Dataset entries:
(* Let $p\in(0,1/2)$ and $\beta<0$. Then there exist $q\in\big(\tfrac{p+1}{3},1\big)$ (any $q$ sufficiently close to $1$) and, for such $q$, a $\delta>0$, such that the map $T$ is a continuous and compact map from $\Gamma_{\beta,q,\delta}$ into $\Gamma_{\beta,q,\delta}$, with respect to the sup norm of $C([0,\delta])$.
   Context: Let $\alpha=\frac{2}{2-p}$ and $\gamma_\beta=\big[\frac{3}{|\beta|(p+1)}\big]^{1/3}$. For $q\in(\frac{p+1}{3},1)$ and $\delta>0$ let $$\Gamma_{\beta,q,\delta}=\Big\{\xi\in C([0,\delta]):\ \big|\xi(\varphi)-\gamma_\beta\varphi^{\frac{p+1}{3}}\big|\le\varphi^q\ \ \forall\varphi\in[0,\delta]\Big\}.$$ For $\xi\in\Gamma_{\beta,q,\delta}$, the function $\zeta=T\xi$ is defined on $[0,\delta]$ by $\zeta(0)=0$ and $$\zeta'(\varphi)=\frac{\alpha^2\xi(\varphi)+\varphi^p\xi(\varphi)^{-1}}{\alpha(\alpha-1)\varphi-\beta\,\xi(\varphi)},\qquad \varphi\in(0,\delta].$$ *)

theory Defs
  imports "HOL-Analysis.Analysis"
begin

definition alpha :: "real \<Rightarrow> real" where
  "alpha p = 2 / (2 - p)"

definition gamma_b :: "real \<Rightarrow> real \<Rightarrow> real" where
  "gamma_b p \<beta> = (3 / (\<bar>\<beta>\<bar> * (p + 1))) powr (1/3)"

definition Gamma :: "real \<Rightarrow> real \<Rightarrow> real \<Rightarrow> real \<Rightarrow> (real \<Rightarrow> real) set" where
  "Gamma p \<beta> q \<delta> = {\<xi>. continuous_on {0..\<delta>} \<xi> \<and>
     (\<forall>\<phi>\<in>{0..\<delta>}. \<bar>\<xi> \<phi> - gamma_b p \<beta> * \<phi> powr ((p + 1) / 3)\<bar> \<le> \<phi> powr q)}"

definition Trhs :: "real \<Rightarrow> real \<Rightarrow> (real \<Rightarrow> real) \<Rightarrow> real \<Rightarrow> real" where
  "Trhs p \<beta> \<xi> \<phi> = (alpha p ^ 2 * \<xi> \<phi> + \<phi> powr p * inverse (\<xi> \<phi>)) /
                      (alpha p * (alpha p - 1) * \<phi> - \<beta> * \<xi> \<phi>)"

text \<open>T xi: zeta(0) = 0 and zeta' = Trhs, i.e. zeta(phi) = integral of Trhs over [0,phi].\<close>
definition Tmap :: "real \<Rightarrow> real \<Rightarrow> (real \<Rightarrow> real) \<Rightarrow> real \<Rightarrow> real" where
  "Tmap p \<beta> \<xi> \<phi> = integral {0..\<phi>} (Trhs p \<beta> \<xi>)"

--

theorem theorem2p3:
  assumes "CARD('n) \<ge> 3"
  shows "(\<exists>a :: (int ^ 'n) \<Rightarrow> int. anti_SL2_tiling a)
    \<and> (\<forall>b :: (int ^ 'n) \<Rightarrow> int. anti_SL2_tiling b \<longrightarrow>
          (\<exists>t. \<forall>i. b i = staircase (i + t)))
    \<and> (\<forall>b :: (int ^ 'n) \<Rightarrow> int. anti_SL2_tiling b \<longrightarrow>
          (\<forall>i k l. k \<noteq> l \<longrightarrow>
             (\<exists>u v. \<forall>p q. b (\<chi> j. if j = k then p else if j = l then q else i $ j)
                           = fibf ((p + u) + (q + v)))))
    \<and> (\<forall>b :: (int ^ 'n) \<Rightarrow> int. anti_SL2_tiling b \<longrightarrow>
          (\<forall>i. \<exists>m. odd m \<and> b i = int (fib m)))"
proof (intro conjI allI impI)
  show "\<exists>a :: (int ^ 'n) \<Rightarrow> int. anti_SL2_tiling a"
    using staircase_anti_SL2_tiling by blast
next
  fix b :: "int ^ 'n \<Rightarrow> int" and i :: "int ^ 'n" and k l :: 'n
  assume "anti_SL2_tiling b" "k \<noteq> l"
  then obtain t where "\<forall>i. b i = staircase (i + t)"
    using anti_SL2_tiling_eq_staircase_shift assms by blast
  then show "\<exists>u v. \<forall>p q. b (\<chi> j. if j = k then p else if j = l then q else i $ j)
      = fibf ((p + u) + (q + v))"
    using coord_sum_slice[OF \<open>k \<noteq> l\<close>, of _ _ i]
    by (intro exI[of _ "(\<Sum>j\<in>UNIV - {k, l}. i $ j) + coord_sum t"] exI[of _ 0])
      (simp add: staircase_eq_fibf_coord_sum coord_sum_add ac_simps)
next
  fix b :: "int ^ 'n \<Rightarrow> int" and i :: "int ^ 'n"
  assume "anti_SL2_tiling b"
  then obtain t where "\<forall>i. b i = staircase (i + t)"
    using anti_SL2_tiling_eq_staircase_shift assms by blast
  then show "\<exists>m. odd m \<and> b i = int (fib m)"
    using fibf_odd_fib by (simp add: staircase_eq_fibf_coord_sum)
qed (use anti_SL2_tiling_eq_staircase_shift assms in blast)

▶ WORK REQUEST: Look above for the line with "by (intro exI[of" and the line with "qed (use anti_SL2_tiling_eq_staircase_shift". Retype those two lines and every line between them exactly, adding nothing.

▶ TASK RESULT:
    by (intro exI[of _ "(\<Sum>j\<in>UNIV - {k, l}. i $ j) + coord_sum t"] exI[of _ 0])
      (simp add: staircase_eq_fibf_coord_sum coord_sum_add ac_simps)
next
  fix b :: "int ^ 'n \<Rightarrow> int" and i :: "int ^ 'n"
  assume "anti_SL2_tiling b"
  then obtain t where "\<forall>i. b i = staircase (i + t)"
    using anti_SL2_tiling_eq_staircase_shift assms by blast
  then show "\<exists>m. odd m \<and> b i = int (fib m)"
    using fibf_odd_fib by (simp add: staircase_eq_fibf_coord_sum)
qed (use anti_SL2_tiling_eq_staircase_shift assms in blast)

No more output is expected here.